The president of United Labour Congress of Nigeria (ULC), Joe Ajaero, who gave the warning, told Vanguard that though no date had been fixed for commencement of the strike, it could start the next day after the national protest.
"It can start today, it can start at anytime. We agreed during our meeting (of leaders of organised labour) on December 20, 2018, in Lagos that the December 31 deadline given to government to send a draft bill to the National Assembly to legislate on the N30,000 minimum wage recommendation by the Tripartite Committee, serves as a final notice to the government for us to resume the suspended November 6, 2018 nationwide strike.
"What that means is that a nationwide strike can start today, tomorrow or next without further notice to the government," he said.

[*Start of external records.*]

locale R_welldefined =
  fixes X :: "'a set" and G :: "('a \<Rightarrow> 'a) set" and T :: "'a set"
    and lam :: "'a \<Rightarrow> ('a \<Rightarrow> 'a)"
  assumes subgroup: "subgroup G (BijGroup X)"
    and orbit_reps: "orbit_reps X G T"
    and lam_in_G: "\<forall>x\<in>T. lam x \<in> G"
    and welldef: "R_welldef X G T lam"
begin

abbreviation op where "op \<equiv> R_op X G T lam"

lemmas op_orbit = R_op_orbit[OF subgroup orbit_reps welldef]

lemma G_Bij: "g \<in> G \<Longrightarrow> g \<in> Bij X"
  using subgroup.subset[OF subgroup] carrier_BijGroup by blast

lemma reps_subset: "T \<subseteq> X"
  using orbit_reps by (simp add: orbit_reps_def)

lemma R_op_rep:
  assumes x: "x \<in> T"
  shows "op x = lam x"
proof -
  have "x \<in> X" using x reps_subset by blast
  then have "op x = pconj X (lam x) \<one>\<^bsub>BijGroup X\<^esub>"
    using op_orbit[OF x subgroup.one_closed[OF subgroup]]
    by (simp add: BijGroup_one_apply)
  then show ?thesis
    using x lam_in_G by (simp add: pconj_one G_Bij)
qed

lemma R_op_in_G:
  assumes "y \<in> X"
  shows "op y \<in> G"
proof -
  obtain x g where "x \<in> T" "g \<in> G" "y = g x"
    using orbit_reps_cover[OF orbit_reps assms] by blast
  then show ?thesis
    using lam_in_G by (simp add: op_orbit pconj_closed[OF subgroup])
qed

lemma R_op_equivariant:
  assumes h: "h \<in> G" and y: "y \<in> X"
  shows "op (h y) = pconj X (op y) h"
proof -
  obtain x g where x: "x \<in> T" and g: "g \<in> G" and y_eq: "y = g x"
    using orbit_reps_cover[OF orbit_reps y] by blast
  have "h y = (h \<otimes>\<^bsub>BijGroup X\<^esub> g) x"
    using reps_subset x by (simp add: y_eq BijGroup_mult_apply G_Bij h g subset_iff)
  moreover have "h \<otimes>\<^bsub>BijGroup X\<^esub> g \<in> G"
    using subgroup h g by (rule subgroup.m_closed)
  ultimately have "op (h y) = pconj X (lam x) (h \<otimes>\<^bsub>BijGroup X\<^esub> g)"
    using op_orbit[OF x] by simp
  also have "\<dots> = pconj X (op y) h"
    using lam_in_G x by (simp add: pconj_mult G_Bij g h y_eq op_orbit)
  finally show ?thesis .
qed

lemma rack_R_op: "rack X op"
  by (rule rack_if_ltrans_conj) (simp_all add: G_Bij R_op_in_G R_op_equivariant)

lemma ltrans_R_op: "y \<in> X \<Longrightarrow> ltrans X op y = op y"
  unfolding ltrans_def by (simp add: extensional_restrict Bij_imp_extensional G_Bij R_op_in_G)

lemma ltrans_R_op_image: "ltrans X op ` X = (\<Union>x\<in>T. conj_class X (lam x) G)"
proof -
  have "ltrans X op ` X = op ` X"
    by (simp add: ltrans_R_op)
  also have "op ` X = {pconj X (lam x) g | x g. x \<in> T \<and> g \<in> G}"
  proof (intro equalityI subsetI)
    fix f assume "f \<in> op ` X"
    then obtain x g where "x \<in> T" "g \<in> G" "f = op (g x)"
      using orbit_reps_cover[OF orbit_reps] by blast
    then show "f \<in> {pconj X (lam x) g | x g. x \<in> T \<and> g \<in> G}"
      using op_orbit by blast
  next
    fix f assume "f \<in> {pconj X (lam x) g | x g. x \<in> T \<and> g \<in> G}"
    then obtain x g where x: "x \<in> T" and g: "g \<in> G" and "f = pconj X (lam x) g"
      by blast
    then have f: "f = op (g x)"
      by (simp add: op_orbit)
    have "g x \<in> X"
      using x g reps_subset by (blast intro: Bij_mem G_Bij)
    then show "f \<in> op ` X" using f by blast
  qed
  finally show ?thesis
    by (auto simp: conj_class_def)
qed

lemma ltrans_R_op_rep: "x \<in> T \<Longrightarrow> ltrans X op x = lam x"
  using reps_subset by (auto simp: ltrans_R_op R_op_rep)

lemma LMlt_R_op: "LMlt X op = generate (BijGroup X) (\<Union>x\<in>T. conj_class X (lam x) G)"
  by (simp add: LMlt_def ltrans_R_op_image)

lemma LMlt_R_op_subset: "LMlt X op \<subseteq> G"
proof -
  have "ltrans X op ` X \<subseteq> G"
    using R_op_in_G ltrans_R_op by auto
  then show ?thesis
    unfolding LMlt_def by (rule group.generate_subgroup_incl[OF group_BijGroup _ subgroup])
qed

lemma quandle_R_op_iff: "quandle X op \<longleftrightarrow> (\<forall>x\<in>T. lam x x = x)"
proof
  assume "quandle X op"
  then show "\<forall>x\<in>T. lam x x = x"
    using reps_subset by (auto simp: quandle_def R_op_rep[symmetric])
next
  assume fixes_rep: "\<forall>x\<in>T. lam x x = x"
  have "op y y = y" if y: "y \<in> X" for y
  proof -
    obtain x g where x: "x \<in> T" and g: "g \<in> G" and y_eq: "y = g x"
      using orbit_reps_cover[OF orbit_reps y] by blast
    have "op y y = pconj X (lam x) g (g x)"
      by (simp add: y_eq op_orbit[OF x g])
    also have "\<dots> = g (lam x x)"
      using x g lam_in_G reps_subset by (simp add: pconj_apply G_Bij subset_iff)
    finally show ?thesis
      using fixes_rep x y_eq by simp
  qed
  then show "quandle X op"
    by (simp add: quandle_def rack_R_op)
qed

end

theorem proposition3p3:
  fixes X :: "'a set" and G :: "('a \<Rightarrow> 'a) set" and T :: "'a set"
    and lam :: "'a \<Rightarrow> ('a \<Rightarrow> 'a)"
  assumes "X \<noteq> {}"
    and "subgroup G (BijGroup X)"
    and "orbit_reps X G T"
    and "\<forall>x\<in>T. lam x \<in> G"
  shows "(R_welldef X G T lam \<longleftrightarrow> rack_folder X G T lam)
     \<and> (rack_folder X G T lam \<longrightarrow>
          rack X (R_op X G T lam)
          \<and> (\<forall>x\<in>T. ltrans X (R_op X G T lam) x = lam x)
          \<and> LMlt X (R_op X G T lam) = generate (BijGroup X) (\<Union>x\<in>T. conj_class X (lam x) G)
          \<and> LMlt X (R_op X G T lam) \<subseteq> G)
     \<and> ((R_welldef X G T lam \<and> quandle X (R_op X G T lam)) \<longleftrightarrow> quandle_folder X G T lam)"
proof -
  have "T \<subseteq> X"
    using assms(3) by (simp add: orbit_reps_def)
  with assms(2,4) have welldef_iff: "R_welldef X G T lam \<longleftrightarrow> rack_folder X G T lam"
    by (intro R_welldef_iff_rack_folder)
  have R: "R_welldef X G T lam \<Longrightarrow> R_welldefined X G T lam"
    using assms(2-4) by (rule R_welldefined.intro)
  have "rack X (R_op X G T lam)
          \<and> (\<forall>x\<in>T. ltrans X (R_op X G T lam) x = lam x)
          \<and> LMlt X (R_op X G T lam) = generate (BijGroup X) (\<Union>x\<in>T. conj_class X (lam x) G)
          \<and> LMlt X (R_op X G T lam) \<subseteq> G" if "rack_folder X G T lam"
  proof -
    interpret R_welldefined X G T lam
      using R that welldef_iff by blast
    show ?thesis
      using rack_R_op ltrans_R_op_rep LMlt_R_op LMlt_R_op_subset by blast
  qed
  moreover have "(R_welldef X G T lam \<and> quandle X (R_op X G T lam)) \<longleftrightarrow> quandle_folder X G T lam"
    using R_welldefined.quandle_R_op_iff[OF R] welldef_iff quandle_folder_iff[OF assms(4)]
    by blast
  ultimately show ?thesis
    using welldef_iff by blast
qed

end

Another labour leader, Peter Ozo-Eson, who serves as the general secretary of Nigeria Labour Congress (NLC), said there will be a nationwide mass protest by the NLC’s 36 state councils, affiliate unions and friendly groups, such as civil society organisations, CSOs over the non-implementation of the new minimum wage bill.
Ozo-Esan in a statement said the mass protest will be held on Tuesday, January 8 by all affiliate labour unions in the country.

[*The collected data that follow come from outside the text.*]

lemma lposet_iso_glue:
  assumes "lposet_iso P P'" "lposet_iso Q Q'"
  shows "lposet_iso (lposet_glue seq P Q) (lposet_glue seq P' Q')"
proof -
  obtain C1 R1 l1 C2 R2 l2 where P: "P = (C1, R1, l1)" and Q: "Q = (C2, R2, l2)"
    by (cases P, cases Q) auto
  obtain C1' R1' l1' C2' R2' l2' where P': "P' = (C1', R1', l1')" and Q': "Q' = (C2', R2', l2')"
    by (cases P', cases Q') auto
  obtain f where f: "bij_betw f C1 C1'" "\<forall>x\<in>C1. \<forall>y\<in>C1. (x, y) \<in> R1 \<longleftrightarrow> (f x, f y) \<in> R1'"
    "\<forall>x\<in>C1. l1' (f x) = l1 x"
    using assms(1) unfolding P P' lposet_iso_iff by blast
  obtain g where g: "bij_betw g C2 C2'" "\<forall>x\<in>C2. \<forall>y\<in>C2. (x, y) \<in> R2 \<longleftrightarrow> (g x, g y) \<in> R2'"
    "\<forall>x\<in>C2. l2' (g x) = l2 x"
    using assms(2) unfolding Q Q' lposet_iso_iff by blast
  have "f x \<in> C1'" if "x \<in> C1" for x using f(1) that by (rule bij_betw_apply)
  moreover have "g x \<in> C2'" if "x \<in> C2" for x using g(1) that by (rule bij_betw_apply)
  ultimately show ?thesis
    unfolding P Q P' Q' lposet_glue_def lposet_iso_iff prod.case
    using f g bij_betw_tag_map[OF f(1) g(1)]
    by (intro exI[of _ "tag_map f g"]) (auto split: if_splits)
qed

lemma pom_glue_pom_of:
  assumes "lposet_wf P" "lposet_wf Q"
  shows "pom_of (lposet_glue seq (pom_rep (pom_of P)) (pom_rep (pom_of Q))) = pom_of (lposet_glue seq P Q)"
  using assms by (metis lposet_iso_glue lposet_iso_pom_rep_pom_of lposet_iso_sym pom_of_eqI)

lemma pom_seq_pom_of:
  "lposet_wf P \<Longrightarrow> lposet_wf Q \<Longrightarrow> pom_seq (pom_of P) (pom_of Q) = pom_of (lposet_seq P Q)"
  unfolding pom_seq_def lposet_seq_glue by (rule pom_glue_pom_of)

lemma pom_par_pom_of:
  "lposet_wf P \<Longrightarrow> lposet_wf Q \<Longrightarrow> pom_par (pom_of P) (pom_of Q) = pom_of (lposet_par P Q)"
  unfolding pom_par_def lposet_par_glue by (rule pom_glue_pom_of)

definition lposet_empty :: "'a lposet" where
  "lposet_empty = ({}, {}, \<lambda>_. undefined)"

lemma lposet_wf_empty: "lposet_wf lposet_empty"
  by (simp add: lposet_empty_def lposet_wf_iff)

lemma pom_one_eq: "pom_one = pom_of lposet_empty"
  by (simp add: pom_one_def lposet_empty_def)

lemma lposet_iso_glue_empty:
  assumes "lposet_wf P"
  shows "lposet_iso P (lposet_glue seq lposet_empty P)" "lposet_iso P (lposet_glue seq P lposet_empty)"
proof -
  obtain C R l where P: "P = (C, R, l)" by (cases P) auto
  have "R \<subseteq> C \<times> C" using assms by (simp add: P lposet_wf_iff)
  then show "lposet_iso P (lposet_glue seq lposet_empty P)" "lposet_iso P (lposet_glue seq P lposet_empty)"
    unfolding P lposet_glue_def lposet_empty_def
    by (simp_all add: lposet_iso_map inj_tag_left inj_tag_right)
qed

lemma pom_seq_one_left: "pom_seq pom_one U = U"
  and pom_seq_one_right: "pom_seq U pom_one = U"
  and pom_par_one_right: "pom_par U pom_one = U"
proof -
  obtain P where P: "lposet_wf P" "U = pom_of P" by (rule pomset_cases)
  then show "pom_seq pom_one U = U" "pom_seq U pom_one = U" "pom_par U pom_one = U"
    by (simp_all add: pom_one_eq pom_seq_pom_of pom_par_pom_of lposet_wf_empty lposet_seq_glue
        lposet_par_glue pom_of_eqI[OF lposet_iso_sym] lposet_iso_glue_empty)
qed

text \<open>The bijection underlying associativity: \<open>(P \<cdot> Q) \<cdot> S\<close> tags the elements of
  \<open>P, Q, S\<close> by \<open>4n, 4n + 2, 2n + 1\<close>, and \<open>P \<cdot> (Q \<cdot> S)\<close> by \<open>2n, 4n + 1, 4n + 3\<close>.\<close>

definition seq_reassoc :: "nat \<Rightarrow> nat" where
  "seq_reassoc n = (if odd n then tag_right (tag_right (n div 2))
     else if even (n div 2) then tag_left (n div 4) else tag_right (tag_left (n div 4)))"

lemma seq_reassoc_tag [simp]:
  "seq_reassoc (tag_left (tag_left a)) = tag_left a"
  "seq_reassoc (tag_left (tag_right a)) = tag_right (tag_left a)"
  "seq_reassoc (tag_right a) = tag_right (tag_right a)"
  by (simp_all add: seq_reassoc_def tag_left_def tag_right_def)

lemma lposet_iso_seq_assoc:
  "lposet_iso (lposet_seq (lposet_seq P Q) S) (lposet_seq P (lposet_seq Q S))"
proof -
  obtain C1 R1 l1 C2 R2 l2 C3 R3 l3 where P: "P = (C1, R1, l1)" and Q: "Q = (C2, R2, l2)"
    and S: "S = (C3, R3, l3)"
    by (cases P, cases Q, cases S) auto
  let ?C = "tag_left ` (tag_left ` C1 \<union> tag_right ` C2) \<union> tag_right ` C3"
  have bij: "bij_betw seq_reassoc ?C (tag_left ` C1 \<union> tag_right ` (tag_left ` C2 \<union> tag_right ` C3))"
    unfolding bij_betw_def inj_on_def by (auto simp: image_Un image_image)
  have tagged_cases: "(\<exists>a\<in>C1. x = tag_left (tag_left a)) \<or> (\<exists>a\<in>C2. x = tag_left (tag_right a))
      \<or> (\<exists>a\<in>C3. x = tag_right a)" if "x \<in> ?C" for x
    using that by blast
  show ?thesis
    unfolding P Q S lposet_seq_glue lposet_glue_def lposet_iso_iff prod.case if_True
    by (intro exI[of _ seq_reassoc] conjI ballI bij; elim tagged_cases[elim_format] disjE bexE) auto
qed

He said: “It has come to our attention that a section of the news media has largely misrepresented our action plan in reaction to the delay in transmitting the recommendations of the Tripartite Committee on a new National Minimum Wage to the National Assembly by President Muhammadu Buhari.
"We immediately announced then that on Tuesday, January 8, 2019, there will be a nationwide mass mobilisation and protests simultaneously across all states in Nigeria. This does not translate to a strike. It is on record that each time we had cause to embark on a national strike, we say so publicly without any equivocation.
"When a date is decided for the commencement of a strike subsequently, we will inform the public appropriately."
In a related report, the Nigerian Labour Congress (NLC) has said it will go ahead with a scheduled mass nationwide protest over the delay by the federal government to implement the new national minimum wage bill.
Ayuba Wabba, the NLC president, made the disclosure at the end of a closed door meeting with Chris Ngige, the minister of labour and employment on Monday, January 7, in Abuja.
The labour leader said the organised labour had a useful discussion with the federal government but insisted that that its scheduled protest will hold.